Civil Defence MedalEdit

The Civil Defence Medal was instituted March 1961 and awarded for 15 years sparetime service in a variety of different organizations including; Auxiliary Fire Service, National Hospital Service Reserve, Civil Defence Corps and the United Kingdom Warning and Monitoring Organisation.


Oval medallion 38mm high by 32mm wide in cupro-nickel. Obverse; the crowned head of Queen Elizabeth II and the legend ELIZABETH II DEI GRATIA REGINA FID. DEF. The reverse depicts three shields bearing the initials of the three main services "CD", "AFS" and "NHSR" with an oak branch in the background. A separate Northern Ireland version existed with the lower shields bearing "AFRS" and "HRS". A bar clasp bearing "LONG SERVICE" was issued for each further period of 12 years service. The ribbon was dark blue with three stripes of yellow red and green. (the yellow worn furthest from the left shoulder.)
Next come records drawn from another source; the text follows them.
(* Let $(p(n))_{n\ge1}$ and $(q(n))_{n\ge1}$ be nonnegative sequences in $\ell^1$ and let $(g(n))_{n\ge1}$ be a real sequence. Suppose $p(1)\le g(1)$ and $$p(i)\le\sum_{j=1}^{i-1}q(i-j)p(j)+g(i)\qquad\text{for all } i\ge2 .$$ Define $q^{*1}=q$ and, for $k\ge2$, $q^{*k}(i)=\sum_{m=1}^{i-1}q^{*(k-1)}(m)\,q(i-m)$, and $Q(i)=\sum_{k=1}^\infty q^{*k}(i)$. Then $$p(i)\le\sum_{j=1}^{i-1}Q(i-j)g(j)+g(i)\qquad\text{for all } i\ge2 .$$ *)

theory Defs
  imports Complex_Main
begin

text \<open>Sequences indexed by n \<ge> 1 are modelled as functions nat \<Rightarrow> real; the value at 0 is ignored.
  conv_pow q k i is the k-fold convolution power q^{*k}(i) (k \<ge> 1):
  q^{*1} = q, q^{*k}(i) = sum over m = 1..i-1 of q^{*(k-1)}(m) q(i-m).\<close>

fun conv_pow :: "(nat \<Rightarrow> real) \<Rightarrow> nat \<Rightarrow> nat \<Rightarrow> real" where
  "conv_pow q 0 i = 0"
| "conv_pow q (Suc 0) i = q i"
| "conv_pow q (Suc (Suc k)) i = (\<Sum>m = 1..<i. conv_pow q (Suc k) m * q (i - m))"

definition Qsum :: "(nat \<Rightarrow> real) \<Rightarrow> nat \<Rightarrow> real" where
  "Qsum q i = (\<Sum>k. conv_pow q (Suc k) i)"

end

(* With convolution (a * b)(i) = sum of a(i - j) b(j) over 1 <= j < i, the series Q is the
   finite sum q + q*q + ... (since q^{*k} vanishes below k) and solves the renewal equation
   Q = q + q * Q. By associativity of convolution, B = Q * g + g then solves B = q * B + g
   with equality, and as q >= 0 a strong induction on i shows that the subsolution p stays
   below B. *)
theory Submission
  imports Defs
begin

definition conv :: "(nat \<Rightarrow> 'a::semiring_0) \<Rightarrow> (nat \<Rightarrow> 'a) \<Rightarrow> nat \<Rightarrow> 'a" where
  "conv a b i = (\<Sum>j = 1..<i. a (i - j) * b j)"

lemma conv_cong:
  assumes "\<And>j. 1 \<le> j \<Longrightarrow> j < i \<Longrightarrow> b j = b' j"
  shows "conv a b i = conv a b' i"
  unfolding conv_def using assms by (intro sum.cong) auto

lemma conv_add_left: "conv (\<lambda>n. a n + a' n) b i = conv a b i + conv a' b i"
  unfolding conv_def by (simp add: distrib_right sum.distrib)

lemma conv_add_right: "conv a (\<lambda>n. b n + b' n) i = conv a b i + conv a b' i"
  unfolding conv_def by (simp add: distrib_left sum.distrib)

lemma conv_sum_right: "conv a (\<lambda>n. \<Sum>k\<in>K. b k n) i = (\<Sum>k\<in>K. conv a (b k) i)"
  unfolding conv_def by (simp add: sum_distrib_left sum.swap[of _ K])

lemma conv_assoc: "conv a (conv b c) i = conv (conv a b) c i"
proof -
  have "conv a (conv b c) i
      = (\<Sum>j\<in>{1..<i}. \<Sum>l\<in>{l \<in> {1..<i}. l < j}. a (i - j) * (b (j - l) * c l))"
    unfolding conv_def sum_distrib_left
    by (intro sum.cong refl arg_cong[where f = "sum _"]) auto
  also have "\<dots> = (\<Sum>l\<in>{1..<i}. \<Sum>j\<in>{j \<in> {1..<i}. l < j}. a (i - j) * (b (j - l) * c l))"
    by (rule sum.swap_restrict) auto
  also have "\<dots> = (\<Sum>l\<in>{1..<i}. \<Sum>m\<in>{1..<i - l}. a (i - l - m) * (b m * c l))"
  proof (rule sum.cong[OF refl])
    fix l assume "l \<in> {1..<i}"
    then have shifted: "{j \<in> {1..<i}. l < j} = {1 + l..<(i - l) + l}" by auto
    show "(\<Sum>j\<in>{j \<in> {1..<i}. l < j}. a (i - j) * (b (j - l) * c l))
        = (\<Sum>m\<in>{1..<i - l}. a (i - l - m) * (b m * c l))"
      unfolding shifted sum.shift_bounds_nat_ivl by (simp add: add.commute)
  qed
  also have "\<dots> = conv (conv a b) c i"
    unfolding conv_def by (simp add: sum_distrib_right mult.assoc)
  finally show ?thesis .
qed

lemma conv_pow_Suc_Suc: "conv_pow q (Suc (Suc k)) = conv q (conv_pow q (Suc k))"
  by (simp add: fun_eq_iff conv_def mult.commute)

lemma conv_pow_eq_0: "n \<le> Suc k \<Longrightarrow> conv_pow q (Suc (Suc k)) n = 0"
proof (induction k arbitrary: n)
  case 0
  then show ?case by simp
next
  case (Suc k)
  then show ?case
    unfolding conv_pow_Suc_Suc conv_def by (intro sum.neutral) auto
qed

lemma Qsum_eq_sum:
  assumes "n < N"
  shows "Qsum q n = (\<Sum>k<N. conv_pow q (Suc k) n)"
  unfolding Qsum_def
proof (rule suminf_finite)
  fix k assume "k \<notin> {..<N}"
  with assms obtain k' where "k = Suc k'" "n \<le> Suc k'" by (cases k) auto
  then show "conv_pow q (Suc k) n = 0" by (metis conv_pow_eq_0)
qed simp

lemma Qsum_renewal: "Qsum q n = q n + conv q (Qsum q) n"
proof -
  have "Qsum q n = (\<Sum>k<Suc n. conv_pow q (Suc k) n)"
    by (rule Qsum_eq_sum) simp
  also have "\<dots> = q n + (\<Sum>k<n. conv q (conv_pow q (Suc k)) n)"
    unfolding sum.lessThan_Suc_shift conv_pow_Suc_Suc by simp
  also have "(\<Sum>k<n. conv q (conv_pow q (Suc k)) n) = conv q (\<lambda>m. \<Sum>k<n. conv_pow q (Suc k) m) n"
    by (rule conv_sum_right[symmetric])
  also have "\<dots> = conv q (Qsum q) n"
    by (intro conv_cong Qsum_eq_sum[symmetric])
  finally show ?thesis .
qed

lemma renewal_comparison:
  fixes p b q g :: "nat \<Rightarrow> 'a::ordered_semiring_0"
  assumes q_nonneg: "\<And>n. 1 \<le> n \<Longrightarrow> 0 \<le> q n"
    and sub: "\<And>i. 1 \<le> i \<Longrightarrow> p i \<le> conv q p i + g i"
    and sol: "\<And>i. 1 \<le> i \<Longrightarrow> b i = conv q b i + g i"
    and "1 \<le> i"
  shows "p i \<le> b i"
  using \<open>1 \<le> i\<close>
proof (induction i rule: less_induct)
  case (less i)
  have "conv q p i \<le> conv q b i"
    unfolding conv_def using less.IH q_nonneg by (intro sum_mono mult_left_mono) auto
  then have "conv q p i + g i \<le> b i"
    using sol[OF less.prems] by (simp add: add_right_mono)
  then show ?case
    using sub[OF less.prems] by (rule order_trans[rotated])
qed

lemma renewal_solution:
  "conv q (\<lambda>i. conv (Qsum q) g i + g i) i + g i = conv (Qsum q) g i + g i"
proof -
  have "conv q (\<lambda>i. conv (Qsum q) g i + g i) i = conv (\<lambda>n. conv q (Qsum q) n + q n) g i"
    by (simp add: conv_add_right conv_add_left conv_assoc)
  also have "\<dots> = conv (Qsum q) g i"
    by (simp add: Qsum_renewal[of q, symmetric] add.commute)
  finally show ?thesis by simp
qed

lemma atLeastAtMost_1_diff_1: "{1..i - 1} = {1..<i::nat}"
  by auto

theorem mainTheorem3:
  fixes p q g :: "nat \<Rightarrow> real"
  assumes p_nonneg: "\<forall>n\<ge>1. p n \<ge> 0"
    and q_nonneg: "\<forall>n\<ge>1. q n \<ge> 0"
    and p_l1: "summable (\<lambda>n. p (n + 1))"
    and q_l1: "summable (\<lambda>n. q (n + 1))"
    and base: "p 1 \<le> g 1"
    and rec: "\<forall>i\<ge>2. p i \<le> (\<Sum>j = 1..i - 1. q (i - j) * p j) + g i"
  shows "\<forall>i\<ge>2. p i \<le> (\<Sum>j = 1..i - 1. Qsum q (i - j) * g j) + g i"
proof (intro allI impI)
  fix i :: nat assume "2 \<le> i"
  have sub: "p n \<le> conv q p n + g n" if "1 \<le> n" for n
  proof (cases "n = 1")
    case True
    then show ?thesis using base by (simp add: conv_def)
  next
    case False
    with rec that have "p n \<le> (\<Sum>j = 1..n - 1. q (n - j) * p j) + g n" by auto
    then show ?thesis by (simp only: conv_def atLeastAtMost_1_diff_1)
  qed
  have "p i \<le> conv (Qsum q) g i + g i"
  proof (rule renewal_comparison[where q = q and g = g])
    show "conv (Qsum q) g n + g n = conv q (\<lambda>i. conv (Qsum q) g i + g i) n + g n" for n
      by (rule renewal_solution[symmetric])
  qed (use q_nonneg sub \<open>2 \<le> i\<close> in auto)
  then show "p i \<le> (\<Sum>j = 1..i - 1. Qsum q (i - j) * g j) + g i"
    by (simp only: conv_def atLeastAtMost_1_diff_1)
qed

end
The medals were issued named around the edge of the medal


With the disbandment of the Auxiliary Fire Service, National Hospital Service Reserve, United Kingdom Warning and Monitoring Organisation and the Civil Defence Corps the Civil Defence Medal is no longer awarded on the UK mainland although it is retained and is still awarded on the Isle of Man and the Channel Islands.


When the UKWMO was disbanded, and the ROC stood-down, the government referred to "possible future developments and improvements in automated nuclear explosion and fallout detection from remote sensors", but it is unlikely that any such system has yet to be developed or installed. Civil nuclear defence since 1992 has been devolved to UK local authories as an addition to their routine emergency planning responsibilities and under direction of the government's Civil Contingencies Secretariat but the four minute warning air raid alert system no longer operates.